lemma nt_comp_dev_outer_orthogonal:
  fixes V :: "nat \<Rightarrow> real^'n"
  assumes "nondeg_simplex V" and "j \<le> CARD('n)" and "w \<bullet> grad_bary V j = 0"
  shows "nt_comp (dev (outer_prod a w)) (outer_normal V j) = 0"
  using nt_comp_dev_outer_prod[OF norm_outer_normal[OF assms(1,2)]]
    inner_outer_normal_eq_0_iff[OF assms(1,2)] assms(3) by simp

lemma nt_comp_dev_outer_grad_bary_nonzero:
  fixes V :: "nat \<Rightarrow> real^'n"
  assumes "nondeg_simplex V" and "j \<le> CARD('n)" and "a \<le> CARD('n)" and "b \<le> CARD('n)"
    and "a \<noteq> j" and "b \<noteq> j" and "b \<noteq> a" and "w \<bullet> grad_bary V j \<noteq> 0"
  shows "nt_comp (dev (outer_prod (grad_bary V a) w)) (outer_normal V j) \<noteq> 0"
  using nt_comp_dev_outer_prod[OF norm_outer_normal[OF assms(1,2)]]
    inner_outer_normal_eq_0_iff[OF assms(1,2)] assms(8)
    grad_bary_tangential_part_nonzero[OF assms(1-7)] by simp

lemma tangent_inner_dev_outer_mult_normal:
  fixes V :: "nat \<Rightarrow> real^'n"
  assumes "nondeg_simplex V" and "i \<le> CARD('n)" and "x \<le> CARD('n)" and "y \<le> CARD('n)"
    and "x \<noteq> i" and "y \<noteq> i"
  shows "tangent V x y \<bullet> (dev (outer_prod a w) *v outer_normal V i)
    = (w \<bullet> outer_normal V i) * (tangent V x y \<bullet> a)"
  by (rule inner_dev_outer_prod_mult_vec[OF tangent_inner_outer_normal[OF assms]])

section \<open>Dimension two\<close>

lemma inner_curl2_self: "curl2 g \<bullet> g = 0"
  unfolding curl2_def inner_vec_def by (simp add: sum_2 vector_2)

lemma curl2_eq_0_iff: "curl2 g = 0 \<longleftrightarrow> g = 0"
  unfolding curl2_def by (auto simp: vec_eq_iff forall_2 vector_2)

lemma curl2_grad_bary_inner_nonzero:
  fixes V :: "nat \<Rightarrow> real^2"
  assumes "nondeg_simplex V" and "i \<le> 2" and "a \<le> 2" and "b \<le> 2"
    and "i \<noteq> a" and "i \<noteq> b" and "a \<noteq> b"
  shows "curl2 (grad_bary V b) \<bullet> grad_bary V i \<noteq> 0"
proof
  have vertices: "{i, a, b} = {..2}"
    using distinct_atMost_eq[of "[i, a, b]" 2] assms(2-7) by simp
  assume "curl2 (grad_bary V b) \<bullet> grad_bary V i = 0"
  then have "curl2 (grad_bary V b) \<bullet> grad_bary V k = 0" if "k \<le> 2" "k \<noteq> a" for k
    using that vertices inner_curl2_self[of "grad_bary V b"] by auto
  then have "curl2 (grad_bary V b) = 0"
    using orthogonal_all_but_one_grad_bary_eq_0[OF assms(1)] assms(3) by simp
  then show False
    using grad_bary_nonzero[OF assms(1)] assms(4) by (simp add: curl2_eq_0_iff)
qed

lemma nt_comp_dev_outer_grad_bary_curl2:
  fixes V :: "nat \<Rightarrow> real^2"
  assumes "nondeg_simplex V" and "i \<le> 2" and "a \<le> 2" and "b \<le> 2"
    and "i \<noteq> a" and "i \<noteq> b" and "a \<noteq> b" and "j \<le> 2"
  shows "nt_comp (dev (outer_prod (grad_bary V a) (curl2 (grad_bary V b)))) (outer_normal V j) = 0
    \<longleftrightarrow> j \<noteq> i"
proof -
  have "{i, a, b} = {..2}"
    using distinct_atMost_eq[of "[i, a, b]" 2] assms(2-7) by simp
  with assms(8) consider "j = a" | "j = b" | "j = i"
    by blast
  then show ?thesis
  proof cases
    case 1
    then show ?thesis
      using nt_comp_dev_outer_grad_bary_self[OF assms(1)] assms by simp
  next
    case 2
    then show ?thesis
      using nt_comp_dev_outer_orthogonal[OF assms(1)] inner_curl2_self assms by simp
  next
    case 3
    then show ?thesis
      using nt_comp_dev_outer_grad_bary_nonzero[OF assms(1), of i a b]
        curl2_grad_bary_inner_nonzero[OF assms(1-7)] assms by simp
  qed
qed

lemma S2_nt_comp_eq_0_iff:
  fixes V :: "nat \<Rightarrow> real^2"
  assumes "nondeg_simplex V" and "i \<le> 2" and "j \<le> 2"
  shows "nt_comp (S2 V i) (outer_normal V j) = 0 \<longleftrightarrow> j \<noteq> i"
  unfolding S2_def
  by (rule nt_comp_dev_outer_grad_bary_curl2[OF assms(1,2) _ _ _ _ _ assms(3)])
    (use assms(2) in \<open>auto simp: mod_Suc\<close>)

lemma S2_basis:
  fixes V :: "nat \<Rightarrow> real^2"
  assumes "nondeg_simplex V"
  shows "inj_on (S2 V) {0..2}" and "independent (S2 V ` {0..2})"
    and "span (S2 V ` {0..2}) = tracefree"
proof -
  show inj: "inj_on (S2 V) {0..2}" and indep: "independent (S2 V ` {0..2})"
    using biorthogonal_imp_independent[of "{0..2}" "\<lambda>k M. nt_comp M (outer_normal V k)" "S2 V"]
      linear_nt_comp S2_nt_comp_eq_0_iff[OF assms] by auto
  have "S2 V ` {0..2} \<subseteq> tracefree"
    by (auto simp: S2_def tracefree_def trace_dev)
  moreover have "card (S2 V ` {0..2}) = 3"
    using card_image[OF inj] by simp
  ultimately show "span (S2 V ` {0..2}) = tracefree"
    using span_eq_tracefree[OF indep] by simp
qed

section \<open>Dimension three\<close>

lemma cross3_grad_bary_inner_nonzero:
  fixes V :: "nat \<Rightarrow> real^3"
  assumes "nondeg_simplex V" and "p \<le> 3" and "q \<le> 3" and "r \<le> 3" and "s \<le> 3"
    and "p \<noteq> q" and "p \<noteq> r" and "p \<noteq> s" and "q \<noteq> r" and "q \<noteq> s" and "r \<noteq> s"
  shows "cross3 (grad_bary V q) (grad_bary V r) \<bullet> grad_bary V s \<noteq> 0"
proof
  let ?u = "cross3 (grad_bary V q) (grad_bary V r)"
  have "?u \<bullet> cross3 (V q - V p) (V r - V p) = 1"
    using grad_bary_inner_edge[OF assms(1), of q p] grad_bary_inner_edge[OF assms(1), of r p] assms
    by (simp add: dot_cross)
  then have "?u \<noteq> 0" by auto
  have vertices: "{p, q, r, s} = {..3}"
    using distinct_atMost_eq[of "[p, q, r, s]" 3] assms(2-11) by simp
  assume "?u \<bullet> grad_bary V s = 0"
  then have "?u \<bullet> grad_bary V k = 0" if "k \<le> 3" "k \<noteq> p" for k
    using that vertices dot_cross_self[of "grad_bary V q" "grad_bary V r"]
    by (auto simp: inner_commute)
  then have "?u = 0"
    using orthogonal_all_but_one_grad_bary_eq_0[OF assms(1)] assms(2) by simp
  with \<open>?u \<noteq> 0\<close> show False ..
qed

lemma dev_outer_grad_bary_cross3:
  fixes V :: "nat \<Rightarrow> real^3"
  assumes "nondeg_simplex V" and "p \<le> 3" and "x \<le> 3" and "y \<le> 3" and "z \<le> 3"
    and "p \<noteq> x" and "p \<noteq> y" and "p \<noteq> z" and "x \<noteq> y" and "x \<noteq> z" and "y \<noteq> z"
    and M: "M = dev (outer_prod (grad_bary V x) (cross3 (grad_bary V y) (grad_bary V z)))"
  shows "j \<le> 3 \<Longrightarrow> nt_comp M (outer_normal V j) = 0 \<longleftrightarrow> j \<noteq> p"
    and "tangent V y z \<bullet> (M *v outer_normal V p) = 0"
    and "tangent V x y \<bullet> (M *v outer_normal V p) \<noteq> 0"
    and "tangent V z x \<bullet> (M *v outer_normal V p) \<noteq> 0"
proof -
  let ?w = "cross3 (grad_bary V y) (grad_bary V z)"
  have w_p: "?w \<bullet> grad_bary V p \<noteq> 0"
    using cross3_grad_bary_inner_nonzero[OF assms(1), of x y z p] assms(2-11) by simp
  then have w_n: "?w \<bullet> outer_normal V p \<noteq> 0"
    using inner_outer_normal_eq_0_iff[OF assms(1)] assms(2) by simp
  show "nt_comp M (outer_normal V j) = 0 \<longleftrightarrow> j \<noteq> p" if j: "j \<le> 3"
  proof -
    have "{p, x, y, z} = {..3}"
      using distinct_atMost_eq[of "[p, x, y, z]" 3] assms(2-11) by simp
    with j consider "j = x" | "j = y" | "j = z" | "j = p"
      by blast
    then show ?thesis
    proof cases
      case 1
      then show ?thesis
        unfolding M using nt_comp_dev_outer_grad_bary_self[OF assms(1)] assms by simp
    next
      case 2
      then show ?thesis
        unfolding M using nt_comp_dev_outer_orthogonal[OF assms(1)] dot_cross_self assms
        by (simp add: inner_commute)
    next
      case 3
      then show ?thesis
        unfolding M using nt_comp_dev_outer_orthogonal[OF assms(1)] dot_cross_self assms by simp
    next
      case 4
      then show ?thesis
        unfolding M using nt_comp_dev_outer_grad_bary_nonzero[OF assms(1), of p x y] w_p assms
        by simp
    qed
  qed
  show "tangent V y z \<bullet> (M *v outer_normal V p) = 0"
    unfolding M using tangent_inner_dev_outer_mult_normal[OF assms(1), of p y z]
      tangent_inner_grad_bary[OF assms(1), of y z x] assms by simp
  show "tangent V x y \<bullet> (M *v outer_normal V p) \<noteq> 0"
    unfolding M using tangent_inner_dev_outer_mult_normal[OF assms(1), of p x y]
      tangent_inner_grad_bary_nonzero[OF assms(1), of x y x] w_n assms by simp
  show "tangent V z x \<bullet> (M *v outer_normal V p) \<noteq> 0"
    unfolding M using tangent_inner_dev_outer_mult_normal[OF assms(1), of p z x]
      tangent_inner_grad_bary_nonzero[OF assms(1), of z x x] w_n assms by simp
qed

lemma mod_4_shifts:
  fixes i :: nat
  assumes "i \<le> 3"
  shows "(i + 1) mod 4 \<le> 3" and "(i + 2) mod 4 \<le> 3" and "(i + 3) mod 4 \<le> 3"
    and "i \<noteq> (i + 1) mod 4" and "i \<noteq> (i + 2) mod 4" and "i \<noteq> (i + 3) mod 4"
    and "(i + 1) mod 4 \<noteq> (i + 2) mod 4" and "(i + 1) mod 4 \<noteq> (i + 3) mod 4"
    and "(i + 2) mod 4 \<noteq> (i + 3) mod 4"
  using assms by presburger+

lemma S3_eq_dev_outer_grad_bary_cross3:
  "S3 V i 0 = dev (outer_prod (grad_bary V ((i+1) mod 4))
     (cross3 (grad_bary V ((i+2) mod 4)) (grad_bary V ((i+3) mod 4))))"
  "S3 V i 1 = dev (outer_prod (grad_bary V ((i+2) mod 4))
     (cross3 (grad_bary V ((i+3) mod 4)) (grad_bary V ((i+1) mod 4))))"
  by (simp_all add: S3_def)

lemma
  fixes V :: "nat \<Rightarrow> real^3"
  assumes "nondeg_simplex V" and "i \<le> 3"
  shows S3_nt_comp_eq_0_iff:
      "\<And>j q. j \<le> 3 \<Longrightarrow> q \<le> 1 \<Longrightarrow> nt_comp (S3 V i q) (outer_normal V j) = 0 \<longleftrightarrow> j \<noteq> i"
    and S3_tangent_components:
      "tangent V ((i+2) mod 4) ((i+3) mod 4) \<bullet> (S3 V i 0 *v outer_normal V i) = 0"
      "tangent V ((i+1) mod 4) ((i+2) mod 4) \<bullet> (S3 V i 0 *v outer_normal V i) \<noteq> 0"
      "tangent V ((i+3) mod 4) ((i+1) mod 4) \<bullet> (S3 V i 0 *v outer_normal V i) \<noteq> 0"
      "tangent V ((i+2) mod 4) ((i+3) mod 4) \<bullet> (S3 V i 1 *v outer_normal V i) \<noteq> 0"
      "tangent V ((i+1) mod 4) ((i+2) mod 4) \<bullet> (S3 V i 1 *v outer_normal V i) \<noteq> 0"
      "tangent V ((i+3) mod 4) ((i+1) mod 4) \<bullet> (S3 V i 1 *v outer_normal V i) = 0"
proof -
  note idx = mod_4_shifts[OF assms(2)]
  note S0 = dev_outer_grad_bary_cross3[OF assms idx(1-9) S3_eq_dev_outer_grad_bary_cross3(1)]
  note S1 = dev_outer_grad_bary_cross3[OF assms idx(2,3,1) idx(5,6,4) idx(9)
      idx(7)[symmetric] idx(8)[symmetric] S3_eq_dev_outer_grad_bary_cross3(2)]
  show "nt_comp (S3 V i q) (outer_normal V j) = 0 \<longleftrightarrow> j \<noteq> i" if "j \<le> 3" "q \<le> 1" for j q
  proof -
    have "q = 0 \<or> q = 1" using that(2) by auto
    then show ?thesis using S0(1)[OF that(1)] S1(1)[OF that(1)] by auto
  qed
  show "tangent V ((i+2) mod 4) ((i+3) mod 4) \<bullet> (S3 V i 0 *v outer_normal V i) = 0"
    "tangent V ((i+1) mod 4) ((i+2) mod 4) \<bullet> (S3 V i 0 *v outer_normal V i) \<noteq> 0"
    "tangent V ((i+3) mod 4) ((i+1) mod 4) \<bullet> (S3 V i 0 *v outer_normal V i) \<noteq> 0"
    by (fact S0(2-4))+
  show "tangent V ((i+3) mod 4) ((i+1) mod 4) \<bullet> (S3 V i 1 *v outer_normal V i) = 0"
    "tangent V ((i+2) mod 4) ((i+3) mod 4) \<bullet> (S3 V i 1 *v outer_normal V i) \<noteq> 0"
    "tangent V ((i+1) mod 4) ((i+2) mod 4) \<bullet> (S3 V i 1 *v outer_normal V i) \<noteq> 0"
    by (fact S1(2-4))+
qed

########

▸ Brief
What is wanted is every line from the first line of the entries through the line that contains "unfolding curl2_def inner_vec_def", given again exactly.

▸ Expected answer
lemma nt_comp_dev_outer_orthogonal:
  fixes V :: "nat \<Rightarrow> real^'n"
  assumes "nondeg_simplex V" and "j \<le> CARD('n)" and "w \<bullet> grad_bary V j = 0"
  shows "nt_comp (dev (outer_prod a w)) (outer_normal V j) = 0"
  using nt_comp_dev_outer_prod[OF norm_outer_normal[OF assms(1,2)]]
    inner_outer_normal_eq_0_iff[OF assms(1,2)] assms(3) by simp

lemma nt_comp_dev_outer_grad_bary_nonzero:
  fixes V :: "nat \<Rightarrow> real^'n"
  assumes "nondeg_simplex V" and "j \<le> CARD('n)" and "a \<le> CARD('n)" and "b \<le> CARD('n)"
    and "a \<noteq> j" and "b \<noteq> j" and "b \<noteq> a" and "w \<bullet> grad_bary V j \<noteq> 0"
  shows "nt_comp (dev (outer_prod (grad_bary V a) w)) (outer_normal V j) \<noteq> 0"
  using nt_comp_dev_outer_prod[OF norm_outer_normal[OF assms(1,2)]]
    inner_outer_normal_eq_0_iff[OF assms(1,2)] assms(8)
    grad_bary_tangential_part_nonzero[OF assms(1-7)] by simp

lemma tangent_inner_dev_outer_mult_normal:
  fixes V :: "nat \<Rightarrow> real^'n"
  assumes "nondeg_simplex V" and "i \<le> CARD('n)" and "x \<le> CARD('n)" and "y \<le> CARD('n)"
    and "x \<noteq> i" and "y \<noteq> i"
  shows "tangent V x y \<bullet> (dev (outer_prod a w) *v outer_normal V i)
    = (w \<bullet> outer_normal V i) * (tangent V x y \<bullet> a)"
  by (rule inner_dev_outer_prod_mult_vec[OF tangent_inner_outer_normal[OF assms]])

section \<open>Dimension two\<close>

lemma inner_curl2_self: "curl2 g \<bullet> g = 0"
  unfolding curl2_def inner_vec_def by (simp add: sum_2 vector_2)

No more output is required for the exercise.